Cost Concerns Misplaced, IRC Says

The IRC listed multiple issues with the standard, but a common theme was that NERC’s proposed requirements were “subjective [and] unclear.” 

For example, Requirement R7 of EOP-012-2 excuses generator owners from implementing freeze protection measures if those measures would cause a “generator cold weather constraint” — meaning that the measures cannot be “implemented at a reasonable cost consistent with good business practices, reliability or safety.” Unreasonable costs include “prohibitively expensive modifications or significant expenditures on equipment with minimal remaining life.” 

The IRC said this definition gives GOs multiple avenues to avoid implementing freeze protection measures, and forces NERC and the regional entities to judge the reasonableness and accuracy of an entity’s estimated costs. Pointing out that this is not normally the ERO’s jurisdiction, the IRC said the commission should direct cost-based constraints to be removed from the standard. Instead, IRC suggested constraints should be granted on a per-unit basis on grounds of technical feasibility, which the IRC observed falls under NERC’s expertise.  

In addition, the IRC warned the standard “provides far too much discretion to [registered entities] to interpret whether freeze protection measures are available for [their] equipment when determining whether a basis exists to declare a constraint.” It noted that the standard’s definition of “freeze protection measures” refers to practices and technologies “generally implemented by the electric industry in areas that experience similar winter climate conditions.” 

The council expressed concern this language would create difficulties with auditing the standard, because GOs could simply declare a constraint on the grounds that there are no available measures that are “generally implemented” by their peers. This could also “delay and disincentivize” the adoption of new technologies. IRC’s filing said the ERO should be directed to require measures that “would reasonably be expected to result in effective facility performance while operating at the extreme cold weather temperature.” 

Exemptions Too Generous

IRC also took issue with the standard’s exemptions for existing generating units.
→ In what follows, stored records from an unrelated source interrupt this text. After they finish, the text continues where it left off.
definition is_sbp :: "nat \<Rightarrow> nat \<Rightarrow> (nat \<Rightarrow> real) \<Rightarrow> rmat \<Rightarrow> rmat \<Rightarrow> bool" where
  "is_sbp n p x H Q \<longleftrightarrow>
     (\<forall>i<n. x i < x (Suc i)) \<and>
     (\<forall>i\<le>n. \<forall>j\<le>n. H i j = H j i) \<and>
     (\<forall>i\<le>n. \<forall>j\<le>n. i \<noteq> j \<longrightarrow> H i j = 0) \<and>
     (\<forall>i\<le>n. 0 < H i i) \<and>
     (\<forall>i\<le>n. \<forall>j\<le>n. Q i j + Q j i = bdry_E n i j) \<and>
     (\<forall>k\<le>p. \<forall>i\<le>n. (\<Sum>j\<le>n. sbp_D H Q i j * x j ^ k) = of_nat k * x i ^ (k - 1))"

definition sbp_S :: "nat \<Rightarrow> rmat \<Rightarrow> rmat" where
  "sbp_S n Q i j = Q i j - bdry_E n i j / 2"

text \<open>The 3x3 block matrix tilde Q^G_x: entry (block e, row j ; block e', column l).
  Diagonal blocks S_x; blocks (1,2),(2,3),(3,1) = t_R t_L^T / 2;
  blocks (2,1),(3,2),(1,3) = - t_L t_R^T / 2 (blocks numbered 0,1,2 here).\<close>
definition QG :: "nat \<Rightarrow> rmat \<Rightarrow> nat \<Rightarrow> nat \<Rightarrow> nat \<Rightarrow> nat \<Rightarrow> real" where
  "QG nx Qx e j e' l =
     (if e' = e then sbp_S nx Qx j l else 0)
   + (if e' = (e + 1) mod 3 then (if j = nx \<and> l = 0 then 1/2 else 0) else 0)
   - (if e' = (e + 2) mod 3 then (if j = 0 \<and> l = nx then 1/2 else 0) else 0)"

text \<open>tilde D_x = I_{n_t} (x) (I_3 (x) H_x^{-1}) tilde Q^G_x, applied to a grid function.\<close>
definition Dx_tilde :: "nat \<Rightarrow> rmat \<Rightarrow> rmat \<Rightarrow> grid \<Rightarrow> grid" where
  "Dx_tilde nx Hx Qx u i e j =
     (\<Sum>e'<3. \<Sum>l\<le>nx. QG nx Qx e j e' l * u i e' l) / Hx j j"

text \<open>D_t = bar D_t (x) I_3 (x) I_nx.\<close>
definition Dt_op :: "nat \<Rightarrow> rmat \<Rightarrow> rmat \<Rightarrow> grid \<Rightarrow> grid" where
  "Dt_op nt Ht Qt u i e j = (\<Sum>l\<le>nt. sbp_D Ht Qt i l * u l e j)"

text \<open>H_t^{-1} t_B t_B^T (u - u(0)), with u(0) the initial data (a spatial vector).\<close>
definition SAT :: "rmat \<Rightarrow> grid \<Rightarrow> svec \<Rightarrow> grid" where
  "SAT Ht u u0 i e j = (if i = 0 then (u 0 e j - u0 e j) / Ht 0 0 else 0)"

definition kinetic_scheme ::
  "nat \<Rightarrow> nat \<Rightarrow> rmat \<Rightarrow> rmat \<Rightarrow> rmat \<Rightarrow> rmat \<Rightarrow> nat \<Rightarrow> (nat \<Rightarrow> real) \<Rightarrow> (nat \<Rightarrow> real)
   \<Rightarrow> real \<Rightarrow> real \<Rightarrow> real \<Rightarrow> grid \<Rightarrow> (nat \<Rightarrow> grid) \<Rightarrow> svec \<Rightarrow> (nat \<Rightarrow> svec) \<Rightarrow> bool" where
  "kinetic_scheme nt nx Ht Qt Hx Qx nv v \<omega> \<sigma>s \<sigma>a \<epsilon> \<rho> g \<rho>0 g0 \<longleftrightarrow>
    (\<forall>i\<le>nt. \<forall>e<3. \<forall>j\<le>nx.
      Dt_op nt Ht Qt \<rho> i e j
        + Dx_tilde nx Hx Qx (\<lambda>i' e' j'. \<Sum>k<nv. \<omega> k * v k * g k i' e' j') i e j
      = - \<sigma>a * \<rho> i e j - SAT Ht \<rho> \<rho>0 i e j
     \<and> (\<forall>k<nv.
      Dt_op nt Ht Qt (g k) i e j
        + v k / \<epsilon> * Dx_tilde nx Hx Qx (g k) i e j
        - 1 / \<epsilon> * (\<Sum>k'<nv. \<omega> k' * v k' * Dx_tilde nx Hx Qx (g k') i e j)
        + v k / \<epsilon>\<^sup>2 * Dx_tilde nx Hx Qx \<rho> i e j
      = - (\<sigma>s / \<epsilon>\<^sup>2 + \<sigma>a) * g k i e j - SAT Ht (g k) (g0 k) i e j))"

definition limit_scheme ::
  "nat \<Rightarrow> nat \<Rightarrow> rmat \<Rightarrow> rmat \<Rightarrow> rmat \<Rightarrow> rmat \<Rightarrow> nat \<Rightarrow> (nat \<Rightarrow> real) \<Rightarrow> (nat \<Rightarrow> real)
   \<Rightarrow> real \<Rightarrow> real \<Rightarrow> grid \<Rightarrow> svec \<Rightarrow> bool" where
  "limit_scheme nt nx Ht Qt Hx Qx nv v \<omega> \<sigma>s \<sigma>a \<rho> \<rho>0 \<longleftrightarrow>
    (\<forall>i\<le>nt. \<forall>e<3. \<forall>j\<le>nx.
      Dt_op nt Ht Qt \<rho> i e j
      = Dx_tilde nx Hx Qx (\<lambda>i' e' j'. (\<Sum>k<nv. \<omega> k * v k ^ 2) / \<sigma>s
                                        * Dx_tilde nx Hx Qx \<rho> i' e' j') i e j
        - \<sigma>a * \<rho> i e j - SAT Ht \<rho> \<rho>0 i e j)"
The standard exempts units from some winterization requirements if they “may be called upon to … assist in the mitigation of … emergencies during periods at or below a temperature of 32 degrees Fahrenheit.” IRC suggested that this exemption should apply only to “truly seasonal generating units that will not be called upon to operate during freezing conditions” so that units unsuited for cold weather are not called on in emergencies. 

NERC’s proposed timelines for implementing corrective action plans on units that experience cold weather-related emergencies — with entities’ required actions that can be completed within 24 and 48 months — were also a subject of the IRC’s criticism, with the council worrying that these periods “do not appropriately reflect the urgency of winterizing generating units.” It supported reducing the timetables to 12 and 24 months, along with requiring GOs to receive approval from NERC or their REs for longer implementation timelines. 
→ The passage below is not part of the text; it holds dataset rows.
(* Let $M$ be a Hausdorff space, $C_b(M)$ the $C^\ast$-algebra of bounded continuous functions $M\to\mathbb{C}$, and $C^{pt}(\mathcal{Q}(\mathcal{T}(M)))$ the $C^\ast$-subalgebra of $C(\mathcal{Q}(\mathcal{T}(M)))$ consisting of all continuous $\psi:\mathcal{Q}(\mathcal{T}(M))\to\mathbb{C}$ that are constant on each fibre of $pt:\mathcal{Q}^{pt}(\mathcal{T}(M))\to M$. Then the map \[ f_\ast:C_b(M)\to C^{pt}(\mathcal{Q}(\mathcal{T}(M))),\qquad \varphi\mapsto f_{E^{\varphi}}:=f_{E^{\mathrm{Re}\,\varphi}}+i\,f_{E^{\mathrm{Im}\,\varphi}}, \] is a $\ast$-isomorphism of $C^\ast$-algebras.
   Context: $\mathcal{T}(M)$ is the lattice of open subsets of $M$. A quasipoint of $\mathcal{T}(M)$ is a maximal dual ideal (maximal nonempty family of open sets not containing $\emptyset$, upward closed and closed under finite intersections); $\mathcal{Q}(\mathcal{T}(M))$ is the set of quasipoints with topology having base $\{\mathfrak{B}\mid U\in\mathfrak{B}\}$, $U\in\mathcal{T}(M)$ (a compact space). $\mathfrak{B}$ is over $x\in M$ if $x\in\bigcap_{U\in\mathfrak{B}}\overline{U}$ (at most one such $x$ since $M$ is Hausdorff); $\mathcal{Q}^{pt}(\mathcal{T}(M))$ is the set of quasipoints over some point, and $pt(\mathfrak{B})=x$ if $\mathfrak{B}$ is over $x$. For a bounded continuous $\psi:M\to\mathbb{R}$, $E^\psi_\lambda:=\mathrm{int}\,\psi^{-1}(]-\infty,\lambda])$ and $f_{E^\psi}(\mathfrak{B}):=\inf\{\lambda\in\mathbb{R}\mid E^\psi_\lambda\in\mathfrak{B}\}$. $E^\varphi$ denotes the complex spectral family $E^\varphi_{\lambda,\mu}=E^{\mathrm{Re}\,\varphi}_\lambda\cap E^{\mathrm{Im}\,\varphi}_\mu$. *)

theory Defs
  imports "HOL-Analysis.Analysis"
begin

definition dual_ideal :: "'a::topological_space set set \<Rightarrow> bool" where
  "dual_ideal \<B> \<longleftrightarrow> \<B> \<noteq> {} \<and> (\<forall>U\<in>\<B>. open U) \<and> {} \<notin> \<B> \<and>
     (\<forall>U V. U \<in> \<B> \<longrightarrow> open V \<longrightarrow> U \<subseteq> V \<longrightarrow> V \<in> \<B>) \<and>
     (\<forall>U V. U \<in> \<B> \<longrightarrow> V \<in> \<B> \<longrightarrow> U \<inter> V \<in> \<B>)"

definition quasipoint :: "'a::topological_space set set \<Rightarrow> bool" where
  "quasipoint \<B> \<longleftrightarrow> dual_ideal \<B> \<and> (\<forall>\<C>. dual_ideal \<C> \<and> \<B> \<subseteq> \<C> \<longrightarrow> \<C> = \<B>)"

definition Q_top :: "'a::topological_space set set topology" where
  "Q_top = topology_generated_by {{\<B>. quasipoint \<B> \<and> U \<in> \<B>} | U. open U}"

definition over :: "'a::topological_space set set \<Rightarrow> 'a \<Rightarrow> bool" where
  "over \<B> x \<longleftrightarrow> quasipoint \<B> \<and> x \<in> (\<Inter>U\<in>\<B>. closure U)"

definition Cb :: "('a::topological_space \<Rightarrow> complex) set" where
  "Cb = {\<phi>. continuous_on UNIV \<phi> \<and> bounded (range \<phi>)}"

text \<open>C^pt(Q(T(M))): continuous functions on Q(T(M)) constant on the fibres of pt;
  represented as functions that vanish outside the set of quasipoints.\<close>
definition Cpt :: "('a::topological_space set set \<Rightarrow> complex) set" where
  "Cpt = {\<psi>. (\<forall>\<B>. \<not> quasipoint \<B> \<longrightarrow> \<psi> \<B> = 0) \<and>
              continuous_map Q_top euclidean \<psi> \<and>
              (\<forall>x \<B>1 \<B>2. over \<B>1 x \<and> over \<B>2 x \<longrightarrow> \<psi> \<B>1 = \<psi> \<B>2)}"

definition spec_fam :: "('a::topological_space \<Rightarrow> real) \<Rightarrow> real \<Rightarrow> 'a set" where
  "spec_fam \<psi> t = interior (\<psi> -` {..t})"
In a statement, NERC said that EOP-012-2 is part of a “suite of cold weather standards [that] are key to addressing” grid impacts of severe cold weather. The ERO pointed to EOP-012-2’s clarifications of applicability, GOs’ eligibility for exemptions and shortening the implementation timeline as “key modifications that build on the general framework and principles established in EOP-012-1,” and said NERC is committed “to monitoring the effectiveness of the standard.”